In less than 15 years, China has moved from 14th place to second place in published research articles, now just behind the United States, he noted.
"Eight of the 10 global companies with the largest R and D budgets in the world are establishing R and D facilities in China or India or both. And 77% they will build in China and India," Chu said referring to the facts taken from 'Rising Above the Gathering Storm, Revisited' 2010.
American company, Applied Materials, recently opened the world's largest private solar R and D facility in China, he said, adding that there is other evidence of Chinese innovation, particularly in the energy field.
China has installed the largest, highest-voltage-capacity, lowest-loss high-voltage DC lines and high-voltage AC lines in the world now. And it has plans for an integrated high-voltage DC/high-voltage AC backbone.
It has broken ground now on 30 new nuclear reactors of the roughly 50 being built in the world, Chu said.
The United States is building two new reactors, he noted and said there is an opportunity to collaborate with India and China.

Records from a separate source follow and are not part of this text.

(* Let $W\in C^{1}(\mathbb{R})$ satisfy (W-i) there is $\eta>0$ with $W(s)\geq\eta s^2$ for $|s|\leq1$ and $W(s)\geq\eta$ for $|s|\geq1$; (W-ii) $W''(0)=1$; (W-iii) there are $M>0$, $\alpha\in[0,2)$ with $W(s)\leq M|s|^\alpha$ for all $s\geq0$. Let $\delta>0$ and let $\mathbf{u}_\delta=(u_\delta,v_\delta)\in X=H^2(\mathbb{R})\times L^2(\mathbb{R})$ be a minimizer (over $\{\mathbf{u}\in X: C(\mathbf{u})\neq0\}$) of $J_\delta(\mathbf{u})=\frac{E(\mathbf{u})}{|C(\mathbf{u})|}+\delta E(\mathbf{u})$, i.e. a hylomorphic soliton as produced for the nonlinear beam equation in the paper's existence theorem. Then the solution of $\partial_t^2u+\partial_x^4u+W'(u)=0$ with initial data $(u_\delta,v_\delta)$ has the form $u(t,x)=u_\delta(x-ct)$, where $u_\delta$ solves $$\frac{d^4u_\delta}{dx^4}+c^2\frac{d^2u_\delta}{dx^2}+W'(u_\delta)=0$$ and $c$ is a constant depending on $\mathbf{u}_\delta$.
   Context: Here $E(\mathbf{u})=\frac12\int(v^2+u_{xx}^2)\,dx+\int W(u)\,dx$ and $C(\mathbf{u})=-\int v\,u_x\,dx$ for $\mathbf{u}=(u,v)\in X$; the first component of the phase-space point is the displacement $u$ and the second is $v=\partial_t u$. *)

theory Defs
  imports "HOL-Analysis.Analysis"
begin

definition L2fun :: "(real \<Rightarrow> real) \<Rightarrow> bool" where
  "L2fun f \<longleftrightarrow> f \<in> borel_measurable lborel \<and> integrable lborel (\<lambda>x. (f x)\<^sup>2)"

text \<open>w is a second (weak) derivative of u: u is differentiable everywhere with an L^2
  derivative u1, and u1 is absolutely continuous with a.e. derivative w.\<close>
definition is_d2 :: "(real \<Rightarrow> real) \<Rightarrow> (real \<Rightarrow> real) \<Rightarrow> bool" where
  "is_d2 u w \<longleftrightarrow> (\<exists>u1. (\<forall>x. (u has_real_derivative u1 x) (at x)) \<and> L2fun u1 \<and>
       (\<forall>x. u1 x = u1 0 + (LBINT t=0..x. w t)))"

text \<open>H^2(R), identifying each class with its C^1 representative.\<close>
definition H2 :: "(real \<Rightarrow> real) set" where
  "H2 = {u. L2fun u \<and> (\<exists>w. L2fun w \<and> is_d2 u w)}"

definition uxx :: "(real \<Rightarrow> real) \<Rightarrow> real \<Rightarrow> real" where
  "uxx u = (SOME w. L2fun w \<and> is_d2 u w)"

definition energy :: "(real \<Rightarrow> real) \<Rightarrow> (real \<Rightarrow> real) \<Rightarrow> (real \<Rightarrow> real) \<Rightarrow> real" where
  "energy W u v = (1/2) * (LINT x|lborel. (v x)\<^sup>2 + (uxx u x)\<^sup>2) + (LINT x|lborel. W (u x))"

definition momentum :: "(real \<Rightarrow> real) \<Rightarrow> (real \<Rightarrow> real) \<Rightarrow> real" where
  "momentum u v = - (LINT x|lborel. v x * deriv u x)"

definition Jdelta :: "real \<Rightarrow> (real \<Rightarrow> real) \<Rightarrow> (real \<Rightarrow> real) \<Rightarrow> (real \<Rightarrow> real) \<Rightarrow> real" where
  "Jdelta \<delta> W u v = energy W u v / \<bar>momentum u v\<bar> + \<delta> * energy W u v"

definition diff_upto :: "nat \<Rightarrow> (real \<Rightarrow> real) \<Rightarrow> bool" where
  "diff_upto k f \<longleftrightarrow> (\<forall>j<k. \<forall>x. ((deriv ^^ j) f has_real_derivative (deriv ^^ Suc j) f x) (at x))"

definition beam_solution :: "(real \<Rightarrow> real) \<Rightarrow> (real \<Rightarrow> real \<Rightarrow> real) \<Rightarrow> bool" where
  "beam_solution W U \<longleftrightarrow> (\<forall>x. diff_upto 2 (\<lambda>t. U t x)) \<and> (\<forall>t. diff_upto 4 (\<lambda>x. U t x)) \<and>
     (\<forall>t x. (deriv ^^ 2) (\<lambda>s. U s x) t + (deriv ^^ 4) (\<lambda>y. U t y) x + deriv W (U t x) = 0)"

end

theory Submission
  imports Defs
begin

text \<open>Fermat's rule along any curve through
  \<open>(u, v)\<close> gives \<open>dE = c dC\<close> with \<open>c = E / (C (1 + \<delta> \<bar>C\<bar>))\<close>. Varying \<open>v\<close> in a direction \<open>g\<close>
  gives \<open>\<integral> v g = - c \<integral> g u'\<close>, and \<open>g = v + c u'\<close> yields \<open>v = - c u'\<close>. Varying \<open>u\<close> in a compactly
  supported direction \<open>h\<close> then gives the weak equation \<open>\<integral> u'' h'' + \<integral> W'(u) h = c\<^sup>2 \<integral> u' h'\<close>.
  Testing it with quadratic B-splines, whose second derivatives are step functions, shows that
  \<open>u' + F + c\<^sup>2 U\<close> has vanishing third differences, where \<open>F''' = W'(u)\<close> and \<open>U' = u\<close>; being
  continuous, it is a quadratic polynomial. Hence \<open>u\<close> is four times differentiable with
  \<open>u'''' + c\<^sup>2 u'' + W'(u) = 0\<close>, and \<open>u(x - c t)\<close> solves the beam equation with initial velocity
  \<open>- c u' = v\<close>.\<close>

section \<open>Square-integrable functions on the line\<close>

lemma integrable_mult_L2fun:
  assumes "L2fun f" "L2fun g"
  shows "integrable lborel (\<lambda>x. f x * g x)"
proof (rule Bochner_Integration.integrable_bound[of _ "\<lambda>x. (f x)\<^sup>2 + (g x)\<^sup>2"])
  show "integrable lborel (\<lambda>x. (f x)\<^sup>2 + (g x)\<^sup>2)"
    using assms unfolding L2fun_def by auto
  show "(\<lambda>x. f x * g x) \<in> borel_measurable lborel"
    using assms unfolding L2fun_def by auto
  have "\<bar>f x * g x\<bar> \<le> (f x)\<^sup>2 + (g x)\<^sup>2" for x
    using sum_squares_bound[of "\<bar>f x\<bar>" "\<bar>g x\<bar>"] abs_ge_zero[of "f x * g x"]
    unfolding abs_mult power2_abs mult.assoc by linarith
  then show "AE x in lborel. norm (f x * g x) \<le> norm ((f x)\<^sup>2 + (g x)\<^sup>2)"
    by simp
qed

lemma L2fun_add: "L2fun f \<Longrightarrow> L2fun g \<Longrightarrow> L2fun (\<lambda>x. f x + g x)"
  using integrable_mult_L2fun[of f g]
  by (auto simp: L2fun_def power2_sum mult.assoc)

lemma L2fun_cmult: "L2fun f \<Longrightarrow> L2fun (\<lambda>x. c * f x)"
  unfolding L2fun_def by (auto simp: power_mult_distrib)

lemma L2fun_diff: "L2fun f \<Longrightarrow> L2fun g \<Longrightarrow> L2fun (\<lambda>x. f x - g x)"
  using L2fun_add[of f "\<lambda>x. (-1) * g x"] L2fun_cmult[of g "-1"] by simp
text \<open>
  Write \<open>h = Re g\<close> with \<open>g\<close> holomorphic on the disc and put \<open>G = exp (- g)\<close>, so that
  \<open>|G| \<le> 1\<close>, \<open>G 0 \<noteq> 0\<close> and \<open>|f G| \<le> 1\<close> on both curves. An arc of the unit circle
  from \<open>\<zeta>1\<close> to \<open>\<zeta>2\<close>, together with an arc running through \<open>\<gamma>1\<close>, the segment
  joining \<open>\<gamma>1 0\<close> to \<open>\<gamma>2 0\<close>, and \<open>\<gamma>2\<close>, bounds a Jordan domain \<open>\<Omega>\<close> in the disc.
  Letting dilates of \<open>f\<close> approximate \<open>0\<close> on the circle minus a neighbourhood of a point
  outside the closure of \<open>\<Omega>\<close>, the maximum principle on \<open>\<Omega> \<inter> ball 0 (r n)\<close> bounds
  \<open>f G\<close> on \<open>\<Omega>\<close>. Letting them approximate a large constant on a closed arc of the
  circle lying in the boundary of \<open>\<Omega>\<close> then makes \<open>G\<close> uniformly small on concentric
  arcs of radius close to \<open>1\<close>. Finitely many rotations of such an arc cover a whole circle,
  so the product of the corresponding rotations of \<open>G\<close> is small at \<open>0\<close>, although it
  equals a power of \<open>G 0\<close> there.
\<close>

section \<open>Harmonic conjugates\<close>

lemma second_difference_mvt:
  fixes h :: "'a::real_normed_vector \<Rightarrow> real" and Dh :: "'a \<Rightarrow> ('a \<Rightarrow>\<^sub>L real)"
    and D2h :: "'a \<Rightarrow> ('a \<Rightarrow>\<^sub>L ('a \<Rightarrow>\<^sub>L real))"
  assumes d1: "\<And>w. w \<in> ball z R \<Longrightarrow> (h has_derivative blinfun_apply (Dh w)) (at w)"
    and d2: "\<And>w. w \<in> ball z R \<Longrightarrow> (Dh has_derivative blinfun_apply (D2h w)) (at w)"
    and t: "0 < t" "t * (norm a + norm b) < R"
  shows "\<exists>\<xi>. dist \<xi> z \<le> t * (norm a + norm b) \<and>
     h (z + t *\<^sub>R a + t *\<^sub>R b) - h (z + t *\<^sub>R a) - h (z + t *\<^sub>R b) + h z
       = t\<^sup>2 * blinfun_apply (blinfun_apply (D2h \<xi>) b) a"
proof -
  have near: "dist (z + u *\<^sub>R a + v *\<^sub>R b) z \<le> t * (norm a + norm b)"
    if "0 \<le> u" "u \<le> t" "0 \<le> v" "v \<le> t" for u v
  proof -
    have "norm (u *\<^sub>R a + v *\<^sub>R b) \<le> u * norm a + v * norm b"
      using that norm_triangle_ineq[of "u *\<^sub>R a" "v *\<^sub>R b"] by simp
    also have "\<dots> \<le> t * (norm a + norm b)"
      using that by (simp add: distrib_left add_mono mult_right_mono)
    finally show ?thesis by (simp add: dist_norm add.assoc)
  qed
  have inb: "z + u *\<^sub>R a + v *\<^sub>R b \<in> ball z R" if "0 \<le> u" "u \<le> t" "0 \<le> v" "v \<le> t" for u v
    using near[OF that] t by (simp add: dist_commute)
  have dh: "((\<lambda>s. h (z + s *\<^sub>R a + v *\<^sub>R b)) has_real_derivative
      blinfun_apply (Dh (z + s *\<^sub>R a + v *\<^sub>R b)) a) (at s)"
    if "0 \<le> s" "s \<le> t" "0 \<le> v" "v \<le> t" for s v
  proof -
    have "((\<lambda>s. h (z + s *\<^sub>R a + v *\<^sub>R b)) has_derivative
        (\<lambda>x. blinfun_apply (Dh (z + s *\<^sub>R a + v *\<^sub>R b)) (x *\<^sub>R a))) (at s)"
      by (rule has_derivative_compose[where f="\<lambda>s. z + s *\<^sub>R a + v *\<^sub>R b",
            OF _ d1[OF inb[OF that]]])
         (auto intro!: derivative_eq_intros)
    then show ?thesis
      unfolding has_field_derivative_def
      by (rule has_derivative_eq_rhs) (simp add: fun_eq_iff blinfun.scaleR_right)
  qed
  define \<phi> where "\<phi> u = h (z + u *\<^sub>R a + t *\<^sub>R b) - h (z + u *\<^sub>R a)" for u
  have D\<phi>: "(\<phi> has_real_derivative
      blinfun_apply (Dh (z + u *\<^sub>R a + t *\<^sub>R b)) a - blinfun_apply (Dh (z + u *\<^sub>R a)) a) (at u)"
    if "0 \<le> u" "u \<le> t" for u
    using DERIV_diff[OF dh[OF that _ order_refl] dh[OF that order_refl]] t(1)
    unfolding \<phi>_def by simp
  obtain u where u: "0 < u" "u < t" "\<phi> t - \<phi> 0 = t *
      (blinfun_apply (Dh (z + u *\<^sub>R a + t *\<^sub>R b)) a - blinfun_apply (Dh (z + u *\<^sub>R a)) a)"
    using MVT2[OF t(1) D\<phi>] by auto
  define \<psi> where "\<psi> v = blinfun_apply (Dh (z + u *\<^sub>R a + v *\<^sub>R b)) a" for v
  have D\<psi>: "(\<psi> has_real_derivative
      blinfun_apply (blinfun_apply (D2h (z + u *\<^sub>R a + v *\<^sub>R b)) b) a) (at v)"
    if "0 \<le> v" "v \<le> t" for v
  proof -
    have "((\<lambda>v. Dh (z + u *\<^sub>R a + v *\<^sub>R b)) has_derivative
        (\<lambda>x. blinfun_apply (D2h (z + u *\<^sub>R a + v *\<^sub>R b)) (x *\<^sub>R b))) (at v)"
      using u
      by (intro has_derivative_compose[where f="\<lambda>v. z + u *\<^sub>R a + v *\<^sub>R b",
            OF _ d2[OF inb[OF _ _ that]]])
         (auto intro!: derivative_eq_intros)
    then have "(\<psi> has_derivative
        (\<lambda>x. blinfun_apply (blinfun_apply (D2h (z + u *\<^sub>R a + v *\<^sub>R b)) (x *\<^sub>R b)) a)) (at v)"
      unfolding \<psi>_def by (rule bounded_linear.has_derivative[OF blinfun.bounded_linear_left])
    then show ?thesis
      unfolding has_field_derivative_def
      by (rule has_derivative_eq_rhs)
         (simp add: fun_eq_iff blinfun.scaleR_right blinfun.scaleR_left)
  qed
  obtain v where v: "0 < v" "v < t"
      "\<psi> t - \<psi> 0 = t * blinfun_apply (blinfun_apply (D2h (z + u *\<^sub>R a + v *\<^sub>R b)) b) a"
    using MVT2[OF t(1) D\<psi>] by auto
  show ?thesis
  proof (intro exI conjI)
    show "dist (z + u *\<^sub>R a + v *\<^sub>R b) z \<le> t * (norm a + norm b)"
      using near u v by simp
    show "h (z + t *\<^sub>R a + t *\<^sub>R b) - h (z + t *\<^sub>R a) - h (z + t *\<^sub>R b) + h z =
        t\<^sup>2 * blinfun_apply (blinfun_apply (D2h (z + u *\<^sub>R a + v *\<^sub>R b)) b) a"
    proof -
      have "h (z + t *\<^sub>R a + t *\<^sub>R b) - h (z + t *\<^sub>R a) - h (z + t *\<^sub>R b) + h z = \<phi> t - \<phi> 0"
        by (simp add: \<phi>_def)
      also have "\<dots> = t * (\<psi> t - \<psi> 0)"
        using u(3) by (simp add: \<psi>_def)
      also have "\<dots> = t\<^sup>2 * blinfun_apply (blinfun_apply (D2h (z + u *\<^sub>R a + v *\<^sub>R b)) b) a"
        using v(3) by (simp add: power2_eq_square)
      finally show ?thesis .
    qed
  qed
qed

"We have much to collaborate with China, India and other countries. Why? In the next two decades, China is going to be building a new infrastructure of buildings, cities, roads, transmission lines, equivalent to the entire infrastructure of the United States," he said.
"In 2030, what India will look like in 2030 doesn't exist - 80% of what it has today (Tuesday) - what it will have in 2030 doesn't exist today. 80% of that infrastructure is yet to be built. And so these countries present new markets. They also present a means, a laboratory, to see, okay, we can test it. This is going to work," he said.